╭─ EXCERPTED DATA

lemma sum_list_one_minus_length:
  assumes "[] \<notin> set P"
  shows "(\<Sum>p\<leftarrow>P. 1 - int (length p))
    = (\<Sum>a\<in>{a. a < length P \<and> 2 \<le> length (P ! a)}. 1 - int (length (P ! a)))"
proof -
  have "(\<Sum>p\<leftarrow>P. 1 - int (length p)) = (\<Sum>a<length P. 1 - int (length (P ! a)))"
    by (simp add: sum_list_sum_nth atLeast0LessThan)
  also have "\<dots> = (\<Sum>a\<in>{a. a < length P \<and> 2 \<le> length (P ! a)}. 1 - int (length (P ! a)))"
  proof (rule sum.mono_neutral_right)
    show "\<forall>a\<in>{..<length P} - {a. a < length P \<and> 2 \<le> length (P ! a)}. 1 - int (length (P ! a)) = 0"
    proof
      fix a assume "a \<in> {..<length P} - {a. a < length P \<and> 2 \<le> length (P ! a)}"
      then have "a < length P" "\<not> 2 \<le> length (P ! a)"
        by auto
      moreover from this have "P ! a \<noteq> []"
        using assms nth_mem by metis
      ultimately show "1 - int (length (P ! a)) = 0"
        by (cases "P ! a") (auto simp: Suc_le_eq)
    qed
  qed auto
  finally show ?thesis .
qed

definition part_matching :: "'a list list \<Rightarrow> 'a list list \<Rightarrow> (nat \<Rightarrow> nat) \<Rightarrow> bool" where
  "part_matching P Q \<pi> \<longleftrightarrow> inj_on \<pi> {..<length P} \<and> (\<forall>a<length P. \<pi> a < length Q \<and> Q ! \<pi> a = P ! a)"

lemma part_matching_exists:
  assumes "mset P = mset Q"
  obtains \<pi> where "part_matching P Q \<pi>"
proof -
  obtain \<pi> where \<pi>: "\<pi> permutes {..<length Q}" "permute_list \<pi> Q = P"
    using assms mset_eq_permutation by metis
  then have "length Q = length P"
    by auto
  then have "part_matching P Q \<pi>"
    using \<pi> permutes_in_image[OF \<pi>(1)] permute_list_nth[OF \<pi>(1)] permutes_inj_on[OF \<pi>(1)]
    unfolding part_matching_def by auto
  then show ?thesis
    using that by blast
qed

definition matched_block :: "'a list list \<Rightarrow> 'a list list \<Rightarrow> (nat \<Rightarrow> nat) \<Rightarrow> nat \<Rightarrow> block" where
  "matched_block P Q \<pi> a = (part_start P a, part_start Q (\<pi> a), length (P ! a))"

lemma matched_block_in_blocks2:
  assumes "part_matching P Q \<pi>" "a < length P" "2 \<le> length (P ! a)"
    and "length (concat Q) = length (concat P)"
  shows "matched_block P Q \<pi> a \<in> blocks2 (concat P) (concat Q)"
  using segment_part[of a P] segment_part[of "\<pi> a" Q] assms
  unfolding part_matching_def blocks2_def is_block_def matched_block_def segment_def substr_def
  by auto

╰─

§ **WHAT IS BEING ASKED**: Look at the entries above. Say how many lines have the word "shows", and give only the number.

§ **RESULT OF THE TASK**: 2